**** DATASET ENTRIES ****
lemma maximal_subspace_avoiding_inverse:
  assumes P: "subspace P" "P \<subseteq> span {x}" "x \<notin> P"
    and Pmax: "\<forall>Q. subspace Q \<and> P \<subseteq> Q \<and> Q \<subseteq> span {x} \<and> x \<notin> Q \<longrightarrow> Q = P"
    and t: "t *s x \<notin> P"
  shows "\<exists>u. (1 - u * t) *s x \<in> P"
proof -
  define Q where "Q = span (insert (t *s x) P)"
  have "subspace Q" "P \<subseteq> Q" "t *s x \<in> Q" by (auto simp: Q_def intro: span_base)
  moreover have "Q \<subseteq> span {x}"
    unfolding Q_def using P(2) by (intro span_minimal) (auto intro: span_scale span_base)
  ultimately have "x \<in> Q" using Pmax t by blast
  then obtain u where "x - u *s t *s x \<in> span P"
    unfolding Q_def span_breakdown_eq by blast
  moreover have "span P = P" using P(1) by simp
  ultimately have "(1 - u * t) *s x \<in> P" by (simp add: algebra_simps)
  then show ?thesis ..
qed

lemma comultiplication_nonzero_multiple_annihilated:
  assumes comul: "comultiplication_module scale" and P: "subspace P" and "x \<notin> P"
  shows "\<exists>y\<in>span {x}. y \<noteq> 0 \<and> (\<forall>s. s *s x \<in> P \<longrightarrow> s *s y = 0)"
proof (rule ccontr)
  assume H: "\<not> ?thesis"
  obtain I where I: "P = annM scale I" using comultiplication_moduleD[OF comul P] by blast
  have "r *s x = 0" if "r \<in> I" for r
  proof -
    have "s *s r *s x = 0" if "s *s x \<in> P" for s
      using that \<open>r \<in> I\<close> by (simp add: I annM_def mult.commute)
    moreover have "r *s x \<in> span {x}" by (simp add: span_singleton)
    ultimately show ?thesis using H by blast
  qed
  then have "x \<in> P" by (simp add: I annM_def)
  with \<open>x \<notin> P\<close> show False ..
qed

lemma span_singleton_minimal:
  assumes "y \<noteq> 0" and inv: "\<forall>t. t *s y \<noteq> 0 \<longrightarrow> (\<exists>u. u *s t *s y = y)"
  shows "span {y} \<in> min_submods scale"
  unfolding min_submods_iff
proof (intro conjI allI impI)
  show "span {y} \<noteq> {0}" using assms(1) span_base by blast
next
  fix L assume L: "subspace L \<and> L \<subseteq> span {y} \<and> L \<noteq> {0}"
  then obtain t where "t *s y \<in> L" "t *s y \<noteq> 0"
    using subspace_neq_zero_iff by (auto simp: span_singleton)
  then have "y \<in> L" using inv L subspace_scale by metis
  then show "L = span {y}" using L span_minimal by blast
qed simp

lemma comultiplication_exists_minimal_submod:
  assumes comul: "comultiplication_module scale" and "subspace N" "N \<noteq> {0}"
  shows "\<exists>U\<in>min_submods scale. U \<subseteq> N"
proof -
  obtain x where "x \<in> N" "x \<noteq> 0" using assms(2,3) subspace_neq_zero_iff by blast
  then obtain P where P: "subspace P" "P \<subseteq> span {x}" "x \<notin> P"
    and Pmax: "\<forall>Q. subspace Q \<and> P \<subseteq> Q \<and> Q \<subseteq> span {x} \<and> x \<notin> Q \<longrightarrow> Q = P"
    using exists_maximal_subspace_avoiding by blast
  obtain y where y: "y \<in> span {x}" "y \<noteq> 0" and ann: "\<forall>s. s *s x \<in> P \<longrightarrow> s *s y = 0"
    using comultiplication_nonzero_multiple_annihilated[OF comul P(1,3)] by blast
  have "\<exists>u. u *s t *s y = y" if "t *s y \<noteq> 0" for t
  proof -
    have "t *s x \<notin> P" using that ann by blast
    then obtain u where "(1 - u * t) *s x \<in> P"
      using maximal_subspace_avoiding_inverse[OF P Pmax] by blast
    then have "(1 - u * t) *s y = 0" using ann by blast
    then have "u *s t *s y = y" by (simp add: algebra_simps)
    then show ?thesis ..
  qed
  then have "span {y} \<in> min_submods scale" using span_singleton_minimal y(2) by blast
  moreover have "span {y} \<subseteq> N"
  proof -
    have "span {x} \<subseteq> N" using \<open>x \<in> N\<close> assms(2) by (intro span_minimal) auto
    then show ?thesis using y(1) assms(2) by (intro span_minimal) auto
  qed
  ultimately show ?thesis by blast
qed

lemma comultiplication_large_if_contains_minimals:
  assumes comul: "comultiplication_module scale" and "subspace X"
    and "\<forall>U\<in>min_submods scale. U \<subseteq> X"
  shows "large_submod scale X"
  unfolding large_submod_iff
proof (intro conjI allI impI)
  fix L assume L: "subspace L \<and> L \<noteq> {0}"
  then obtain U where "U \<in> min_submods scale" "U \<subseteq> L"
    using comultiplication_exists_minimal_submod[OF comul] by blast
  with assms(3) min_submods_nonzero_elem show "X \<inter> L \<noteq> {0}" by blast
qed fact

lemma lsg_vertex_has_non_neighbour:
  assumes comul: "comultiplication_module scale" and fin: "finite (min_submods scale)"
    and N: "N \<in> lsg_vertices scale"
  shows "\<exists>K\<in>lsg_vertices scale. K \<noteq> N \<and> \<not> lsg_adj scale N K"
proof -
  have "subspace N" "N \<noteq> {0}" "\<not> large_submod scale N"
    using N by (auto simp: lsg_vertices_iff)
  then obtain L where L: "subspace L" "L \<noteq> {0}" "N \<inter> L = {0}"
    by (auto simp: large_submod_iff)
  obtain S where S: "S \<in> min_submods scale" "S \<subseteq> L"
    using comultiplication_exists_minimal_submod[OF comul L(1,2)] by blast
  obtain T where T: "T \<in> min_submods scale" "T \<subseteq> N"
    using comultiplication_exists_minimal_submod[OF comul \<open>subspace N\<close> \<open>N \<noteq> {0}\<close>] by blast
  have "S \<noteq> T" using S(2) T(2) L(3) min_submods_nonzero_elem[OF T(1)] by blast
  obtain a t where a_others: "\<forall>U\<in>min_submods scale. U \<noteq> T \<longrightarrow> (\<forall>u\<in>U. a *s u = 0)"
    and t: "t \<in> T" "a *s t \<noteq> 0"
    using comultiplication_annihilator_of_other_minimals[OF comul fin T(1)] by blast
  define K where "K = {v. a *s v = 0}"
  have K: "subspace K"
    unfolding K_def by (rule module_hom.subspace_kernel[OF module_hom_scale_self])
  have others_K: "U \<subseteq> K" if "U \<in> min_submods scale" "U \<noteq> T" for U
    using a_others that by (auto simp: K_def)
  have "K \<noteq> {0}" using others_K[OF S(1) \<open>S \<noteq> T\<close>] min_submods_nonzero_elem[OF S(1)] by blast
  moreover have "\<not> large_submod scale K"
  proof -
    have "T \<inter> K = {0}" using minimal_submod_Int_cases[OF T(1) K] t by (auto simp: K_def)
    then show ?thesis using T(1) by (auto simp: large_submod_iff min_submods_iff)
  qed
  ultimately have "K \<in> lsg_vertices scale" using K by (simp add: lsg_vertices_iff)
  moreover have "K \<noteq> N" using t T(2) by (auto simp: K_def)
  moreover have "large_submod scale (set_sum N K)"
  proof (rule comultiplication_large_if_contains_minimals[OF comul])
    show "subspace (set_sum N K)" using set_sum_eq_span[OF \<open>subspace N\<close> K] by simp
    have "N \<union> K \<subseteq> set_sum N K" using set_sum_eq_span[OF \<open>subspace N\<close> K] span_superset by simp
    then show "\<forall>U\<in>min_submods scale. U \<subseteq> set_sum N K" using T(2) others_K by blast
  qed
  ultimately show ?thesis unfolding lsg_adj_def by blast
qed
****
**** DATASET ENTRIES ****
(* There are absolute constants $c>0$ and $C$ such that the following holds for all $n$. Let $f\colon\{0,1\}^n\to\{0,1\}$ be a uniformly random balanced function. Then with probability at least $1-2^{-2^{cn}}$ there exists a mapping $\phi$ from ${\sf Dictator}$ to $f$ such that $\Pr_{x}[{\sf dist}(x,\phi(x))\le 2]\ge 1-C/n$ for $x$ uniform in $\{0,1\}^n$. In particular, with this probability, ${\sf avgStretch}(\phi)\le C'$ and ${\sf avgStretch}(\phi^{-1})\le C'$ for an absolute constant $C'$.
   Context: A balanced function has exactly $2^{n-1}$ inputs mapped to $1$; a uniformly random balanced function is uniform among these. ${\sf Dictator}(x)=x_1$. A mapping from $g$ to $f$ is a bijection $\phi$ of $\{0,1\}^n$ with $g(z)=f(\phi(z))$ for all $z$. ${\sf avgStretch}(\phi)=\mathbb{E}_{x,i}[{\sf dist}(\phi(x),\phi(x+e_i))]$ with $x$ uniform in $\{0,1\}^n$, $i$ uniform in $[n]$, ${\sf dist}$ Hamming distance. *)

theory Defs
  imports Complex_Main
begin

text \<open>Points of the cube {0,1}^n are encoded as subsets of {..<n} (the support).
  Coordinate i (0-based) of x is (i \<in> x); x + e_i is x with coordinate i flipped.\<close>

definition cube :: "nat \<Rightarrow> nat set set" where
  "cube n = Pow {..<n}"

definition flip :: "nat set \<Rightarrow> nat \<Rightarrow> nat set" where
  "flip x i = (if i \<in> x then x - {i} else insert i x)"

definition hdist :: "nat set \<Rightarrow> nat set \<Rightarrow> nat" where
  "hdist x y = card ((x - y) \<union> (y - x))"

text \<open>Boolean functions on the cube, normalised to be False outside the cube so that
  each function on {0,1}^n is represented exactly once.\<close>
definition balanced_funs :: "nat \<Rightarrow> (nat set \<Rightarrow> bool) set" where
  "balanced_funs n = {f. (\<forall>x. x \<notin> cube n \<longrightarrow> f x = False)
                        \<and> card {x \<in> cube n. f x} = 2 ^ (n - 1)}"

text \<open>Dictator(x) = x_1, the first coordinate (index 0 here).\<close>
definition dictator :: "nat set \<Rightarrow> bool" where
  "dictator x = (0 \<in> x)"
****
▸ **WHAT YOU SHOULD DO**:
Word for word, restate the lines above from the line containing "unfolding large_submod_iff" through the line containing "using comultiplication_exists_minimal_submod[OF comul]", with both included and nothing else.

▸ **WORKED SOLUTION**:
  unfolding large_submod_iff
proof (intro conjI allI impI)
  fix L assume L: "subspace L \<and> L \<noteq> {0}"
  then obtain U where "U \<in> min_submods scale" "U \<subseteq> L"
    using comultiplication_exists_minimal_submod[OF comul] by blast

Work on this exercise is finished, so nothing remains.